For the time being, rewriting the query seems the only option. I would suggest using
let $path1 := $doc/child::article/child::front /child::article-meta[child::aff[contains(.,"Japan")]] /child::article-id
which does produce the correct result. In fact, I would even argue it is a bit more elegant as you don't have to rewrite article-meta and the child::aff step seems to be a selector, so using a predicator is easier to read - at least to me, but this is, of course, also a matter of taste.
Best regards, Dirk
On 09/27/2014 12:57 PM, Lars Johnsen wrote:
Hi Michael -
I got the same results with my 7.9 version.
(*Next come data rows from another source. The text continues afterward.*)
(* Let $\phi(p_1,\dots,p_n)$ be a consistent formula of $\mathbf{PT}$ whose propositional variables are among $p_1,\dots,p_n$. The following are equivalent: (i) $\phi$ is flat; (ii) $\phi\equiv\Theta_X$ for some nonempty team $X$ on $\{p_1,\dots,p_n\}$; (iii) $\phi\equiv\neg\neg\phi$; (iv) $\models\phi\otimes\neg\phi$.
   Context: A valuation is a function $v$ from the set Prop of propositional variables to $\{0,1\}$; a team is a set of valuations. Formulas of $\mathbf{PT}$: $\phi::=p\mid\bot\mid\top\mid\,=\!(\phi_1,\dots,\phi_n,\phi)\mid\neg\phi\mid\phi\wedge\phi\mid\phi\otimes\phi\mid\phi\vee\phi\mid\phi\to\phi$. Satisfaction on a team $X$: $X\models p$ iff $v(p)=1$ for all $v\in X$; $X\models\bot$ iff $X=\emptyset$; $X\models\top$ always; $\wedge$ conjunction; $X\models\phi\otimes\psi$ iff $X=Y\cup Z$ with $Y\models\phi$, $Z\models\psi$; $X\models\phi\vee\psi$ iff $X\models\phi$ or $X\models\psi$; $X\models\phi\to\psi$ iff every $Y\subseteq X$ with $Y\models\phi$ satisfies $\psi$; $X\models\neg\phi$ iff $\{v\}\not\models\phi$ for all $v\in X$; $X\models\,=\!(\phi_1,\dots,\phi_n,\psi)$ iff $X\models\bigwedge_i(\phi_i\vee(\phi_i\to\bot))\to(\psi\vee(\psi\to\bot))$. $\models\phi$: all teams satisfy $\phi$; $\phi\equiv\psi$: same teams satisfy both; $\phi$ is consistent if some nonempty team satisfies $\phi$. $\phi$ is flat if for all teams $X$: $X\models\phi$ iff $\{v\}\models\phi$ for all $v\in X$. A team on $V=\{p_1,\dots,p_n\}$ is a set of functions $V\to\{0,1\}$; a valuation $w$ satisfies formulas in variables from $V$ according to its restriction to $V$. For a nonempty team $X$ on $V$, $\Theta_X:=\neg\neg\bigvee_{v\in X}(p_1^{v(p_1)}\wedge\dots\wedge p_n^{v(p_n)})$, where $p^1:=p$, $p^0:=\neg p$. *)

theory Defs
  imports Main
begin

type_synonym pvar = nat
type_synonym valuation = "pvar \<Rightarrow> bool"
type_synonym team = "valuation set"

datatype fm =
    PVar pvar
  | Bot
  | Top
  | Dep "fm list" fm
  | Neg fm
  | Conj fm fm
  | Tensor fm fm
  | Or fm fm                  (* intuitionistic disjunction *)
  | Imp fm fm

fun vars :: "fm \<Rightarrow> pvar set" where
  "vars (PVar p) = {p}"
| "vars Bot = {}"
| "vars Top = {}"
| "vars (Dep fs f) = (\<Union>g\<in>set fs. vars g) \<union> vars f"
| "vars (Neg f) = vars f"
| "vars (Conj f g) = vars f \<union> vars g"
| "vars (Tensor f g) = vars f \<union> vars g"
| "vars (Or f g) = vars f \<union> vars g"
| "vars (Imp f g) = vars f \<union> vars g"

text \<open>Team semantics. The dependence atom is given by unfolding its defining
formula  (/\_i (phi_i \/ (phi_i -> bot))) -> (psi \/ (psi -> bot)).\<close>
fun sat :: "team \<Rightarrow> fm \<Rightarrow> bool" where
  "sat X (PVar p) = (\<forall>v\<in>X. v p)"
| "sat X Bot = (X = {})"
| "sat X Top = True"
| "sat X (Dep fs f) =
     (\<forall>Y. Y \<subseteq> X \<longrightarrow>
        (\<forall>g\<in>set fs. sat Y g \<or> (\<forall>Z. Z \<subseteq> Y \<longrightarrow> sat Z g \<longrightarrow> Z = {})) \<longrightarrow>
        (sat Y f \<or> (\<forall>Z. Z \<subseteq> Y \<longrightarrow> sat Z f \<longrightarrow> Z = {})))"
| "sat X (Neg f) = (\<forall>v\<in>X. \<not> sat {v} f)"
| "sat X (Conj f g) = (sat X f \<and> sat X g)"
| "sat X (Tensor f g) = (\<exists>Y Z. X = Y \<union> Z \<and> sat Y f \<and> sat Z g)"
| "sat X (Or f g) = (sat X f \<or> sat X g)"
| "sat X (Imp f g) = (\<forall>Y. Y \<subseteq> X \<longrightarrow> sat Y f \<longrightarrow> sat Y g)"

definition valid :: "fm \<Rightarrow> bool" where
  "valid f \<longleftrightarrow> (\<forall>X. sat X f)"

definition fm_equiv :: "fm \<Rightarrow> fm \<Rightarrow> bool" where
  "fm_equiv f g \<longleftrightarrow> (\<forall>X. sat X f \<longleftrightarrow> sat X g)"

definition consistent :: "fm \<Rightarrow> bool" where
  "consistent f \<longleftrightarrow> (\<exists>X. X \<noteq> {} \<and> sat X f)"

definition flat :: "fm \<Rightarrow> bool" where
  "flat f \<longleftrightarrow> (\<forall>X. sat X f \<longleftrightarrow> (\<forall>v\<in>X. sat {v} f))"

text \<open>A team on a finite set V of variables: functions V -> {0,1}, represented
as valuations that are constantly False outside V.\<close>
definition team_on :: "pvar set \<Rightarrow> team \<Rightarrow> bool" where
  "team_on V X \<longleftrightarrow> (\<forall>v\<in>X. \<forall>p. p \<notin> V \<longrightarrow> \<not> v p)"

fun Conjs :: "fm list \<Rightarrow> fm" where
  "Conjs [] = Top"
| "Conjs [f] = f"
| "Conjs (f # fs) = Conj f (Conjs fs)"

fun Disjs :: "fm list \<Rightarrow> fm" where
  "Disjs [] = Bot"
| "Disjs [f] = f"
| "Disjs (f # fs) = Or f (Disjs fs)"

definition lit :: "pvar \<Rightarrow> bool \<Rightarrow> fm" where
  "lit p b = (if b then PVar p else Neg (PVar p))"

definition char_conj :: "pvar set \<Rightarrow> valuation \<Rightarrow> fm" where
  "char_conj V v = Conjs (map (\<lambda>p. lit p (v p)) (sorted_list_of_set V))"

text \<open>Theta_X = not not \/_{v in X} char_conj V v; the enumeration order of the
finite team X is irrelevant semantically.\<close>
definition Theta :: "pvar set \<Rightarrow> team \<Rightarrow> fm" where
  "Theta V X = Neg (Neg (Disjs (map (char_conj V) (SOME xs. set xs = X))))"

end

theory Submission
  imports Defs
begin

text \<open>Every formula of PT is downward closed, and its truth on a singleton team
depends only on the valuation of its variables. Flatness then says that \<phi> is
determined by the set of valuations (restricted to V) that satisfy it; this set is
a nonempty team X on V by consistency, and Theta X holds on exactly the teams
all of whose members agree on V with some member of X. Both \<not>\<not>\<phi> and
\<phi> \<otimes> \<not>\<phi> express flatness directly: the former holds on X iff \<phi> holds
on each singleton of X, and the latter splits any team into the valuations
satisfying \<phi> and those that do not.\<close>

lemma sat_empty: "sat {} f"
  by (induction f) auto

lemma sat_downward_closed: "sat X f \<Longrightarrow> Y \<subseteq> X \<Longrightarrow> sat Y f"
proof (induction f arbitrary: X Y)
  case (Tensor f g)
  then obtain A B where "X = A \<union> B" "sat A f" "sat B g" by auto
  then have "Y = (Y \<inter> A) \<union> (Y \<inter> B)" "sat (Y \<inter> A) f" "sat (Y \<inter> B) g"
    using Tensor by auto
  then show ?case by auto
qed auto

lemma sat_singleton_if_sat: "sat X f \<Longrightarrow> v \<in> X \<Longrightarrow> sat {v} f"
  using sat_downward_closed by blast

lemma sat_singleton_Imp: "sat {v} (Imp f g) \<longleftrightarrow> (sat {v} f \<longrightarrow> sat {v} g)"
  by (auto simp: subset_singleton_iff sat_empty)

lemma sat_singleton_Dep: "sat {v} (Dep fs f)"
  by (auto simp: subset_singleton_iff sat_empty)

lemma sat_singleton_Tensor: "sat {v} (Tensor f g) \<longleftrightarrow> sat {v} f \<or> sat {v} g"
proof
  assume "sat {v} (Tensor f g)"
  then obtain A B where AB: "{v} = A \<union> B" "sat A f" "sat B g" by auto
  then have "A = {v} \<or> B = {v}" using Un_singleton_iff by metis
  then show "sat {v} f \<or> sat {v} g" using AB by auto
next
  assume "sat {v} f \<or> sat {v} g"
  then show "sat {v} (Tensor f g)"
    by (metis sat.simps(7) sat_empty Un_empty_left Un_empty_right)
qed

lemma sat_singleton_cong:
  "(\<And>p. p \<in> vars f \<Longrightarrow> v p = w p) \<Longrightarrow> sat {v} f \<longleftrightarrow> sat {w} f"
proof (induction f)
  case (Dep fs f)
  show ?case by (simp only: sat_singleton_Dep)
next
  case (Imp f g)
  then have "sat {v} f \<longleftrightarrow> sat {w} f" "sat {v} g \<longleftrightarrow> sat {w} g" by auto
  then show ?case by (simp only: sat_singleton_Imp)
next
  case (Tensor f g)
  then have "sat {v} f \<longleftrightarrow> sat {w} f" "sat {v} g \<longleftrightarrow> sat {w} g" by auto
  then show ?case by (simp only: sat_singleton_Tensor)
qed auto

lemma sat_singleton_Conjs: "sat {v} (Conjs fs) \<longleftrightarrow> (\<forall>f\<in>set fs. sat {v} f)"
  by (induction fs rule: Conjs.induct) auto

lemma sat_singleton_Disjs: "sat {v} (Disjs fs) \<longleftrightarrow> (\<exists>f\<in>set fs. sat {v} f)"
  by (induction fs rule: Disjs.induct) auto

lemma sat_singleton_lit: "sat {v} (lit p b) \<longleftrightarrow> v p = b"
  by (auto simp: lit_def)

lemma sat_singleton_char_conj:
  "finite V \<Longrightarrow> sat {v} (char_conj V u) \<longleftrightarrow> (\<forall>p\<in>V. v p = u p)"
  by (auto simp: char_conj_def sat_singleton_Conjs sat_singleton_lit)

lemma finite_team_on:
  assumes "finite V" "team_on V X"
  shows "finite X"
proof -
  have "X \<subseteq> (\<lambda>S p. p \<in> S) ` Pow V"
  proof
    fix v assume "v \<in> X"
    then have "{p. v p} \<subseteq> V" using assms(2) by (auto simp: team_on_def)
    moreover have "v = (\<lambda>p. p \<in> {p. v p})" by auto
    ultimately show "v \<in> (\<lambda>S p. p \<in> S) ` Pow V" by blast
  qed
  then show ?thesis using assms(1) finite_subset by blast
qed

lemma sat_Theta:
  assumes "finite V" "finite X"
  shows "sat Y (Theta V X) \<longleftrightarrow> (\<forall>v\<in>Y. \<exists>u\<in>X. \<forall>p\<in>V. v p = u p)"
proof -
  have "set (SOME xs. set xs = X) = X"
    using finite_list[OF assms(2)] by (rule someI_ex)
  then show ?thesis
    by (auto simp: Theta_def sat_singleton_Disjs sat_singleton_char_conj[OF assms(1)])
qed

lemma flat_Theta:
  assumes "finite V" "team_on V X"
  shows "flat (Theta V X)"
  using sat_Theta[OF assms(1) finite_team_on[OF assms]] by (auto simp: flat_def)

text \<open>flat_def loops when used as a rewrite rule next to a flatness assumption.\<close>
lemma flatD: "flat f \<Longrightarrow> sat X f \<longleftrightarrow> (\<forall>v\<in>X. sat {v} f)"
  unfolding flat_def by (erule allE)

lemma flat_cong: "fm_equiv f g \<Longrightarrow> flat f \<longleftrightarrow> flat g"
  by (simp add: flat_def fm_equiv_def)

definition restrict_valuation :: "pvar set \<Rightarrow> valuation \<Rightarrow> valuation" where
  "restrict_valuation V v = (\<lambda>p. p \<in> V \<and> v p)"

text \<open>The team on V that a flat formula is equivalent to.\<close>
definition singleton_models :: "pvar set \<Rightarrow> fm \<Rightarrow> team" where
  "singleton_models V f = restrict_valuation V ` {v. sat {v} f}"

lemma team_on_singleton_models: "team_on V (singleton_models V f)"
  by (auto simp: team_on_def singleton_models_def restrict_valuation_def)

lemma singleton_models_nonempty:
  assumes "consistent f"
  shows "singleton_models V f \<noteq> {}"
proof -
  obtain X v where "sat X f" "v \<in> X"
    using assms by (auto simp: consistent_def)
  then have "sat {v} f" by (rule sat_singleton_if_sat)
  then show ?thesis by (auto simp: singleton_models_def)
qed

lemma sat_singleton_iff_singleton_models:
  assumes "vars f \<subseteq> V"
  shows "sat {v} f \<longleftrightarrow> (\<exists>u\<in>singleton_models V f. \<forall>p\<in>V. v p = u p)"
proof
  assume "sat {v} f"
  then show "\<exists>u\<in>singleton_models V f. \<forall>p\<in>V. v p = u p"
    by (auto simp: singleton_models_def restrict_valuation_def)
next
  assume "\<exists>u\<in>singleton_models V f. \<forall>p\<in>V. v p = u p"
  then obtain w where "sat {w} f" "\<forall>p\<in>V. v p = restrict_valuation V w p"
    by (auto simp: singleton_models_def)
  moreover from this(2) assms have "p \<in> vars f \<Longrightarrow> v p = w p" for p
    by (auto simp: restrict_valuation_def)
  ultimately show "sat {v} f"
    using sat_singleton_cong[of f v w] by blast
qed

lemma flat_equiv_Theta_singleton_models:
  assumes "finite V" "vars f \<subseteq> V" "flat f"
  shows "fm_equiv f (Theta V (singleton_models V f))"
  unfolding fm_equiv_def
proof
  fix Y
  have "sat Y f \<longleftrightarrow> (\<forall>v\<in>Y. sat {v} f)"
    using assms(3) by (rule flatD)
  also have "\<dots> \<longleftrightarrow> (\<forall>v\<in>Y. \<exists>u\<in>singleton_models V f. \<forall>p\<in>V. v p = u p)"
    by (simp only: sat_singleton_iff_singleton_models[OF assms(2)])
  also have "\<dots> \<longleftrightarrow> sat Y (Theta V (singleton_models V f))"
    by (rule sat_Theta[OF assms(1) finite_team_on[OF assms(1) team_on_singleton_models], symmetric])
  finally show "sat Y f \<longleftrightarrow> sat Y (Theta V (singleton_models V f))" .
qed

lemma flat_iff_equiv_Theta:
  assumes "finite V" "vars f \<subseteq> V" "consistent f"
  shows "flat f \<longleftrightarrow> (\<exists>X. X \<noteq> {} \<and> team_on V X \<and> fm_equiv f (Theta V X))"
proof
  assume "flat f"
  then show "\<exists>X. X \<noteq> {} \<and> team_on V X \<and> fm_equiv f (Theta V X)"
    by (intro exI[of _ "singleton_models V f"] conjI singleton_models_nonempty[OF assms(3)]
        team_on_singleton_models flat_equiv_Theta_singleton_models[OF assms(1,2)])
next
  assume "\<exists>X. X \<noteq> {} \<and> team_on V X \<and> fm_equiv f (Theta V X)"
  then obtain X where "team_on V X" "fm_equiv f (Theta V X)" by blast
  then show "flat f" by (simp add: flat_cong flat_Theta[OF assms(1)])
qed

lemma flat_iff_equiv_Neg_Neg: "flat f \<longleftrightarrow> fm_equiv f (Neg (Neg f))"
  unfolding flat_def fm_equiv_def by simp

lemma flat_iff_valid_Tensor_Neg: "flat f \<longleftrightarrow> valid (Tensor f (Neg f))"
proof
  assume flat: "flat f"
  show "valid (Tensor f (Neg f))"
    unfolding valid_def
  proof
    fix X
    have "X = {v\<in>X. sat {v} f} \<union> {v\<in>X. \<not> sat {v} f}" by auto
    moreover have "sat {v\<in>X. sat {v} f} f"
      using flatD[OF flat] by blast
    moreover have "sat {v\<in>X. \<not> sat {v} f} (Neg f)" by auto
    ultimately show "sat X (Tensor f (Neg f))" unfolding sat.simps(7) by (intro exI conjI)
  qed
next
  assume valid: "valid (Tensor f (Neg f))"
  have "sat X f" if singletons: "\<forall>v\<in>X. sat {v} f" for X
  proof -
    have "sat X (Tensor f (Neg f))"
      using valid by (simp only: valid_def)
    then obtain Y Z where "X = Y \<union> Z" "sat Y f" "sat Z (Neg f)"
      unfolding sat.simps(7) by blast
    moreover from singletons \<open>X = Y \<union> Z\<close> \<open>sat Z (Neg f)\<close> have "Z = {}" by auto
    ultimately show "sat X f" by simp
  qed
  then show "flat f"
    unfolding flat_def using sat_singleton_if_sat by blast
qed

theorem lemma4p1:
  fixes \<phi> :: fm and V :: "pvar set"
  assumes "finite V" and "vars \<phi> \<subseteq> V" and "consistent \<phi>"
  shows "(flat \<phi> \<longleftrightarrow> (\<exists>X. X \<noteq> {} \<and> team_on V X \<and> fm_equiv \<phi> (Theta V X)))
       \<and> ((\<exists>X. X \<noteq> {} \<and> team_on V X \<and> fm_equiv \<phi> (Theta V X)) \<longleftrightarrow> fm_equiv \<phi> (Neg (Neg \<phi>)))
       \<and> (fm_equiv \<phi> (Neg (Neg \<phi>)) \<longleftrightarrow> valid (Tensor \<phi> (Neg \<phi>)))"
  using flat_iff_equiv_Theta[OF assms] flat_iff_equiv_Neg_Neg[of \<phi>]
    flat_iff_valid_Tensor_Neg[of \<phi>]
  by blast

end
What is a bit surprising (hopefully I am not introducing any noise into your problem) is that if the last child step is cut off the paths and added to the path variables within the return query, the result becomes 4 4 4 4 4. So each $pathN without the article-id appears to be returning one copy of the parent article-meta up to the parent step:
let $path1 := $doc/child::article/child::front /child::article-meta /child::aff[contains(.,"Japan")] /parent::article-meta, $path2 := $doc/descendant::aff[contains(.,"Japan")] /parent::article-meta, $path3 := $doc/article/front/article-meta/aff[contains(.,'Japan')] /.., $path4 := $doc//aff[contains(.,'Japan')]/.., $path5 := $doc//aff/..
return (count($path1/child::article-id), count($path2/article-id), count($path3/article-id), count($path4/article-id), count($path5/article-id))
Best Lars
2014-09-26 20:35 GMT+02:00 C. M. Sperberg-McQueen cmsmcq@blackmesatech.com :
Consider the following XML document:
<article> <front> <article-meta> <aff id="aff1">Tropical and Infectious Disease Hospital, Kathmandu, Nepal</aff> <aff id="aff2">Nagasaki University, Nagasaki, Japan</aff> <aff id="aff3">Department of Radiology, Kyorin University Faculty of Medicine, Tokyo, Japan</aff> <aff id="aff5">Pentax Company Limited, Tokyo, Japan</aff> <aff id="aff6">National Research Laboratory of Molecular Complex Control, Yonsei University, Seoul, Korea</aff> <!--* ... *--> <article-id pub-id-type="pmc">2570825</article-id> <article-id pub-id-type="pmid">18325280</article-id> <article-id pub-id-type="publisher-id">07-0473</article-id> <article-id pub-id-type="doi">10.3201/eid1403.070473</article-id> </article-meta> </front> <!--* ... *--> </article
For convenience in trying to understand this problem, a copy of this document has been placed at [1].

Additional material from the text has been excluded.